### [Action item]
Reproduce the entries below exactly, but only from the line containing "PGetTag v R; Q" to the line containing "PGetData R; j \<in> C", inclusive.

### [Data to use]
________________________________________

definition add_entry :: "nat \<Rightarrow> ('w::linorder tag \<times> 'e) set \<Rightarrow> ('w tag \<times> 'e) \<Rightarrow> ('w tag \<times> 'e) set" where
  "add_entry \<delta> L p =
     (if \<exists>e. (fst p, e) \<in> L then L
      else (let L' = insert p L in
            if card L' > \<delta> + 1 then {x \<in> L'. fst x \<noteq> Min (fst ` L')} else L'))"

text \<open>Pairs carrying a valid (unforgeable) signature: the initial pairs and the
  pairs sent by put-data primitives of (protocol-following) operations.\<close>
definition signed :: "'n set \<Rightarrow> ('v \<Rightarrow> 'n \<Rightarrow> 'e) \<Rightarrow> 'w tag \<Rightarrow> 'v
      \<Rightarrow> ('n, 'w, 'v, 'e) state \<Rightarrow> ('w tag \<times> 'e) set" where
  "signed C enc t0 v0 s =
     {(t0, enc v0 j) | j. j \<in> C} \<union>
     {(t, enc v j) | t v j. j \<in> C \<and>
        (\<exists>o' op A. ops s o' = Some op \<and> (phase op = PPut t v A \<or> phase op = PDone t v))}"

text \<open>Outcome of get-data on the lists R received from quorum Q: the maximum tag
  appearing in at least k received lists together with the value decoded from
  the received coded elements with that tag; None if no such tag exists (then
  the primitive does not complete).\<close>
definition get_data_result :: "nat \<Rightarrow> (('n \<times> 'e) set \<Rightarrow> 'v) \<Rightarrow> 'n set
      \<Rightarrow> ('n \<Rightarrow> ('w::linorder tag \<times> 'e) set option) \<Rightarrow> ('w tag \<times> 'v) option" where
  "get_data_result k dec Q R =
     (let T = {t. k \<le> card {j \<in> Q. \<exists>e. (t, e) \<in> the (R j)}} in
      if T = {} then None
      else Some (Max T, dec {(j, e). j \<in> Q \<and> (Max T, e) \<in> the (R j)}))"

definition init :: "'n set \<Rightarrow> ('v \<Rightarrow> 'n \<Rightarrow> 'e) \<Rightarrow> 'w tag \<Rightarrow> 'v \<Rightarrow> ('n, 'w, 'v, 'e) state" where
  "init C enc t0 v0 = \<lparr>lists = (\<lambda>j. {(t0, enc v0 j)}), ops = (\<lambda>_. None), clock = 0\<rparr>"

definition set_phase :: "('n, 'w, 'v, 'e) state \<Rightarrow> nat \<Rightarrow> ('n, 'w, 'v, 'e) opst
      \<Rightarrow> ('n, 'w, 'v, 'e) phase \<Rightarrow> ('n, 'w, 'v, 'e) state" where
  "set_phase s o' op ph =
     s\<lparr>ops := (ops s)(o' \<mapsto> op\<lparr>phase := ph\<rparr>), clock := Suc (clock s)\<rparr>"

text \<open>Parameters: the flexnode set C, the Byzantine
  set B, code dimension k, parameter \<delta>, encoding enc (enc v j = j-th coded
  element), decoding dec, initial tag t0 and initial value v0.\<close>
inductive step :: "'n set \<Rightarrow> 'n set \<Rightarrow> nat \<Rightarrow> nat \<Rightarrow> ('v \<Rightarrow> 'n \<Rightarrow> 'e)
     \<Rightarrow> (('n \<times> 'e) set \<Rightarrow> 'v) \<Rightarrow> 'w::linorder tag \<Rightarrow> 'v
     \<Rightarrow> ('n, 'w, 'v, 'e) state \<Rightarrow> ('n, 'w, 'v, 'e) state \<Rightarrow> bool"
  for C B k \<delta> enc dec t0 v0
where
  invoke_write:
    "ops s o' = None \<Longrightarrow>
     step C B k \<delta> enc dec t0 v0 s
       (s\<lparr>ops := (ops s)(o' \<mapsto> \<lparr>kind = Wr, proc = w, inv = clock s, resp = None,
                                  phase = PGetTag v (\<lambda>_. None)\<rparr>),
          clock := Suc (clock s)\<rparr>)"
| invoke_read:
    "ops s o' = None \<Longrightarrow>
     step C B k \<delta> enc dec t0 v0 s
       (s\<lparr>ops := (ops s)(o' \<mapsto> \<lparr>kind = Rd, proc = w, inv = clock s, resp = None,
                                  phase = PGetData (\<lambda>_. None)\<rparr>),
          clock := Suc (clock s)\<rparr>)"
| tag_reply_honest:
    "\<lbrakk>ops s o' = Some op; phase op = PGetTag v R; j \<in> C - B; R j = None\<rbrakk> \<Longrightarrow>
     step C B k \<delta> enc dec t0 v0 s
       (set_phase s o' op (PGetTag v (R(j := Some {Max (fst ` lists s j)}))))"
| tag_reply_byz:
    "\<lbrakk>ops s o' = Some op; phase op = PGetTag v R; j \<in> B; R j = None;
      X \<subseteq> fst ` signed C enc t0 v0 s; card X \<le> 1\<rbrakk> \<Longrightarrow>
     step C B k \<delta> enc dec t0 v0 s (set_phase s o' op (PGetTag v (R(j := Some X))))"
| tag_done:
    "\<lbrakk>ops s o' = Some op; phase op = PGetTag v R; Q \<subseteq> C; card Q = qsize (card C) k;
      \<forall>j\<in>Q. R j \<noteq> None;
      t = Max (\<Union>j\<in>Q. the (R j))\<rbrakk> \<Longrightarrow>
     step C B k \<delta> enc dec t0 v0 s
       (set_phase s o' op (PPut (Suc (fst t), proc op) v {}))"
| data_reply_honest:
    "\<lbrakk>ops s o' = Some op; phase op = PGetData R; j \<in> C - B; R j = None\<rbrakk> \<Longrightarrow>
     step C B k \<delta> enc dec t0 v0 s (set_phase s o' op (PGetData (R(j := Some (lists s j)))))"
| data_reply_byz:
    "\<lbrakk>ops s o' = Some op; phase op = PGetData R; j \<in> B; R j = None;
      L \<subseteq> signed C enc t0 v0 s\<rbrakk> \<Longrightarrow>
     step C B k \<delta> enc dec t0 v0 s (set_phase s o' op (PGetData (R(j := Some L))))"
| data_done:
    "\<lbrakk>ops s o' = Some op; phase op = PGetData R; Q \<subseteq> C; card Q = qsize (card C) k;
      \<forall>j\<in>Q. R j \<noteq> None; get_data_result k dec Q R = Some (t, v)\<rbrakk> \<Longrightarrow>
     step C B k \<delta> enc dec t0 v0 s (set_phase s o' op (PPut t v {}))"
| put_deliver:
    "\<lbrakk>ops s o' = Some op; phase op = PPut t v A; j \<in> C - B; j \<notin> A\<rbrakk> \<Longrightarrow>
     step C B k \<delta> enc dec t0 v0 s
       ((set_phase s o' op (PPut t v (insert j A)))
          \<lparr>lists := (lists s)(j := add_entry \<delta> (lists s j) (t, enc v j))\<rparr>)"
| put_ack_byz:
    "\<lbrakk>ops s o' = Some op; phase op = PPut t v A; j \<in> B; j \<notin> A\<rbrakk> \<Longrightarrow>
     step C B k \<delta> enc dec t0 v0 s (set_phase s o' op (PPut t v (insert j A)))"
| byz_put:
    "\<lbrakk>j \<in> C - B; p \<in> signed C enc t0 v0 s\<rbrakk> \<Longrightarrow>
     step C B k \<delta> enc dec t0 v0 s
       (s\<lparr>lists := (lists s)(j := add_entry \<delta> (lists s j) p), clock := Suc (clock s)\<rparr>)"
| put_done:
    "\<lbrakk>ops s o' = Some op; phase op = PPut t v A; card A \<ge> qsize (card C) k\<rbrakk> \<Longrightarrow>
     step C B k \<delta> enc dec t0 v0 s
       (s\<lparr>ops := (ops s)(o' \<mapsto> op\<lparr>phase := PDone t v, resp := Some (clock s)\<rparr>),
          clock := Suc (clock s)\<rparr>)"

definition reachable where
  "reachable C B k \<delta> enc dec t0 v0 s \<longleftrightarrow>
     (step C B k \<delta> enc dec t0 v0)\<^sup>*\<^sup>* (init C enc t0 v0) s"

definition precedes :: "('n, 'w, 'v, 'e) opst \<Rightarrow> ('n, 'w, 'v, 'e) opst \<Rightarrow> bool" where
  "precedes a c \<longleftrightarrow> (\<exists>r. resp a = Some r \<and> r < inv c)"

definition concurrent :: "('n, 'w, 'v, 'e) opst \<Rightarrow> ('n, 'w, 'v, 'e) opst \<Rightarrow> bool" where
  "concurrent a c \<longleftrightarrow> \<not> precedes a c \<and> \<not> precedes c a"

end

theory Submission
  imports Defs
begin

text \<open>Call a list L covering a tag t if L still stores t or holds \<delta> + 1 tags larger than t.
  A flexnode evicts only its minimum tags, and only when it holds more than \<delta> + 1
  entries, so once an honest list covers a tag it keeps covering it. A put-data completes only
  after a quorum has acknowledged, hence the initial tag and the tag of every completed
  operation are covered by the lists of the honest members of a quorum, and so are the replies
  these flexnodes later send to a read. Let t be the largest tag completed before the read was
  invoked. Every tag above t belongs to a write that is concurrent with the read, so there are
  at most \<delta> of them, and covering forces the honest replies to contain t itself. Since
  b < (|C| - k)/3, those honest flexnodes include at least k members of the read's quorum, so
  t occurs in at least k received lists.\<close>

section \<open>Lists covering a tag\<close>

definition covers :: "nat \<Rightarrow> ('w::linorder tag \<times> 'e) set \<Rightarrow> 'w tag \<Rightarrow> bool" where
  "covers \<delta> L t \<longleftrightarrow> (\<exists>e. (t, e) \<in> L) \<or> \<delta> + 1 \<le> card {t' \<in> fst ` L. t < t'}"

lemma finite_add_entry: "finite L \<Longrightarrow> finite (add_entry \<delta> L p)"
  unfolding add_entry_def Let_def by auto

lemma fst_add_entry_subset: "fst ` add_entry \<delta> L p \<subseteq> insert (fst p) (fst ` L)"
  unfolding add_entry_def Let_def by auto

________________________________________

### [Exercise solution]
    "\<lbrakk>ops s o' = Some op; phase op = PGetTag v R; Q \<subseteq> C; card Q = qsize (card C) k;
      \<forall>j\<in>Q. R j \<noteq> None;
      t = Max (\<Union>j\<in>Q. the (R j))\<rbrakk> \<Longrightarrow>
     step C B k \<delta> enc dec t0 v0 s
       (set_phase s o' op (PPut (Suc (fst t), proc op) v {}))"
| data_reply_honest:
    "\<lbrakk>ops s o' = Some op; phase op = PGetData R; j \<in> C - B; R j = None\<rbrakk> \<Longrightarrow>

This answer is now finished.